A one-way hashing function is a concept in cryptography that is used to provide integrity and nonrepudiation. Hash functions are designed to be relatively easy to compute one way but extremely difficult to undo or reverse. Hashing is designed to provide a unique data fingerprint that will materially change in the event of data alteration or tampering. Hashed values or message digests are the result of a variable amount of data being mapped onto a fixed-length field. Hashes are not used for encryption but rather for authentication and for ensuring integrity and providing nonrepudiation. A one-way hash function is also known as a fingerprint.

Some of the most common current and historical hashing algorithms include the following:

• Message Digest 2 (MD2)—An older one-way hash function used in the privacy-enhanced mail (PEM) protocols along with MD5. It produces a 128-bit hash value for an arbitrary input. It is similar in structure to MD4 and MD5 but is slower and less secure.

• Message Digest 4 (MD4)—A one-way hash function that provides a 128-bit hash of the input message. Although faster and more secure than MD2, it also has been shown to contain vulnerabilities.

• Message Digest 5 (MD5)—An improved and redesigned version of MD4, producing a 128-bit hash. MD5 is the most common cryptographic hashing algorithm in current use.

• HAVAL—A variable-length, one-way hash function and modification of MD5. HAVAL processes the messages in blocks of 1,024 bits, twice that of MD5, and is faster than MD5.
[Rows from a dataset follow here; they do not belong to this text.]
text \<open>The relative-entropy integrand is bounded below through \<open>ln y \<le> y - 1\<close> at
  \<open>y = \<surd>(q/p) / c\<close>.\<close>
lemma kl_pointwise_lower_bound:
  fixes p q c :: real
  assumes "0 < p" "0 < q" "0 < c"
  shows "- (p * ln (p / q)) \<le> 2 * (p * ln c + sqrt (p * q) / c - p)"
proof -
  define y where "y = sqrt (p * q) / (p * c)"
  have "0 < y" using assms by (simp add: y_def)
  have "ln y = (ln p + ln q) / 2 - ln p - ln c"
    using assms by (simp add: y_def ln_div ln_mult ln_sqrt)
  then have "ln q = ln p + 2 * ln c + 2 * ln y" by (simp add: field_simps)
  then have "p * ln (p / q) = - 2 * (p * ln y) - 2 * (p * ln c)"
    using assms by (simp add: ln_div algebra_simps)
  moreover have "p * ln y \<le> p * (y - 1)" using ln_le_minus_one[OF \<open>0 < y\<close>] assms by simp
  moreover have "p * y = sqrt (p * q) / c" using assms by (simp add: y_def)
  ultimately show ?thesis by (simp add: algebra_simps)
qed

lemma prob_density_integrable_integral:
  assumes "is_prob_density M f"
  shows "integrable M f" "integral\<^sup>L M f = 1"
proof -
  have f: "f \<in> borel_measurable M" "AE x in M. 0 \<le> f x" "(\<integral>\<^sup>+ x. ennreal (f x) \<partial>M) = 1"
    using assms unfolding is_prob_density_def by auto
  show int: "integrable M f" using integrableI_nn_integral_finite[OF f(1,2), of 1] f(3) by simp
  have "ennreal (integral\<^sup>L M f) = 1" using nn_integral_eq_integral[OF int f(2)] f(3) by simp
  then show "integral\<^sup>L M f = 1"
    by (metis ennreal_1 ennreal_inj integral_nonneg_AE f(2) zero_le_one)
qed

locale prob_density_pair =
  fixes M :: "'a measure" and p q :: "'a \<Rightarrow> real"
  assumes P: "is_prob_density M p" and Q: "is_prob_density M q"
begin

lemma p_measurable[measurable]: "p \<in> borel_measurable M"
  and q_measurable[measurable]: "q \<in> borel_measurable M"
  and p_nonneg: "x \<in> space M \<Longrightarrow> 0 \<le> p x"
  and q_nonneg: "x \<in> space M \<Longrightarrow> 0 \<le> q x"
  using P Q unfolding is_prob_density_def by auto

lemma p_integrable: "integrable M p" and p_integral: "integral\<^sup>L M p = 1"
  and q_integrable: "integrable M q" and q_integral: "integral\<^sup>L M q = 1"
  using prob_density_integrable_integral P Q by auto

definition excess :: "real \<Rightarrow> 'a \<Rightarrow> real" where
  "excess g x = max 0 (p x - g * q x)"

definition hockey_stick :: "real \<Rightarrow> real" where
  "hockey_stick g = integral\<^sup>L M (excess g)"

lemma excess_measurable[measurable]: "excess g \<in> borel_measurable M"
  unfolding excess_def by measurable

context
  fixes g :: real
  assumes g_nonneg: "0 \<le> g"
begin

lemma excess_le_p: "x \<in> space M \<Longrightarrow> excess g x \<le> p x"
  using p_nonneg q_nonneg g_nonneg by (auto simp: excess_def)

lemma excess_integrable: "integrable M (excess g)"
  by (rule Bochner_Integration.integrable_bound[OF p_integrable])
     (use p_nonneg excess_le_p in \<open>auto simp: excess_def\<close>)

lemma E_gamma_eq_hockey_stick: "E_gamma M g p q = ennreal (hockey_stick g)"
  using nn_integral_eq_integral[OF excess_integrable]
  unfolding E_gamma_def hockey_stick_def by (simp add: excess_def)

lemma hockey_stick_nonneg: "0 \<le> hockey_stick g"
  unfolding hockey_stick_def by (rule integral_nonneg_AE) (auto simp: excess_def)

lemma hockey_stick_le_1: "hockey_stick g \<le> 1"
  using integral_mono[OF excess_integrable p_integrable] excess_le_p p_integral
  unfolding hockey_stick_def by simp

lemma hockey_stick_quadratic_le: "hockey_stick g * (hockey_stick g + g - 1) \<le> g"
proof (cases "hockey_stick g + g - 1 \<le> 0")
  case True
  then show ?thesis using mult_nonneg_nonpos[OF hockey_stick_nonneg True] g_nonneg by linarith
next
  case False
  then have "hockey_stick g * (hockey_stick g + g - 1) \<le> 1 * (1 + g - 1)"
    using hockey_stick_nonneg hockey_stick_le_1 by (intro mult_mono) auto
  then show ?thesis by simp
qed

end

definition chi2_density :: "'a \<Rightarrow> real" where
  "chi2_density x = (if q x = 0 then 0 else (p x - q x)\<^sup>2 / q x)"

lemma chi2_density_measurable[measurable]: "chi2_density \<in> borel_measurable M"
  unfolding chi2_density_def by measurable

lemma chi2_finite_imp:
  assumes "chi2 M p q \<noteq> \<infinity>"
  shows "AE x in M. q x = 0 \<longrightarrow> p x = 0"
    and "integrable M chi2_density"
    and "chi2 M p q = ennreal (integral\<^sup>L M chi2_density)"
proof -
  define F where "F x = (if q x = 0 then (if p x = 0 then 0 else \<infinity>)
                          else ennreal ((p x - q x)\<^sup>2 / q x))" for x
  have "F \<in> borel_measurable M" unfolding F_def by measurable
  moreover have chi_F: "chi2 M p q = integral\<^sup>N M F" unfolding chi2_def F_def by simp
  ultimately have "AE x in M. F x \<noteq> \<infinity>" using nn_integral_PInf_AE assms by simp
  then show ac: "AE x in M. q x = 0 \<longrightarrow> p x = 0"
    by eventually_elim (auto simp: F_def split: if_splits)
  have "AE x in M. F x = ennreal (chi2_density x)"
    using ac by eventually_elim (auto simp: F_def chi2_density_def)
  then have chi: "chi2 M p q = (\<integral>\<^sup>+ x. ennreal (chi2_density x) \<partial>M)"
    using chi_F by (simp add: nn_integral_cong_AE)
  have nonneg: "AE x in M. 0 \<le> chi2_density x" using q_nonneg by (auto simp: chi2_density_def)
  have "chi2 M p q = ennreal (enn2real (chi2 M p q))" using assms by (simp add: less_top)
  then show int: "integrable M chi2_density"
    using integrableI_nn_integral_finite[OF chi2_density_measurable nonneg] chi by metis
  show "chi2 M p q = ennreal (integral\<^sup>L M chi2_density)"
    using chi nn_integral_eq_integral[OF int nonneg] by simp
qed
• Secure Hash Algorithm-0/1 (SHA-0/1)—Provides a 160-bit fingerprint. SHA-0 and SHA-1 are no longer considered secure and are vulnerable to attacks.

• Secure Hash Algorithm-2 (SHA-2)—A group of SHA algorithms that each processes messages up to 512-bit blocks and adds padding if needed to get the data to added up to the right number of bits. SHA also includes other versions, including SHA-256 and SHA-512, which are part of the SHA-2 group.

• Secure Hash Algorithm-3 (SHA-3)—Formally known as Keccak, this algorithm was selected in 2012 as the NIST SHA-3 standard. It supports the same key lengths as SHA-2 but is far more secure.

Because the hashing process is a one-way function that produces statistically distinct output for any input, any change to the data being hashed will result in a completely different hash output. To get a better idea of how hashing works, let’s look at an extremely simple (and very insecure) hashing function. In our sample function, we add the ASCII (American Standard Code for Information Interchange) values of the first three characters of the input string, and then we subtract 96. The reason we subtract 96 is that the lowest ASCII value for printable characters is 32 (the space character), and therefore, the lowest value for a string of three spaces would be 96. By subtracting 96, we map our output values to the range of 0 to 282. TABLE 3-3 shows the results of our simple hashing algorithm. (Clearly, this algorithm is too simple to use in a real application because it encounters frequent collisions. Hashing any strings that start with the same three letters will return the same hash value. This is not desired behavior for a good hashing function.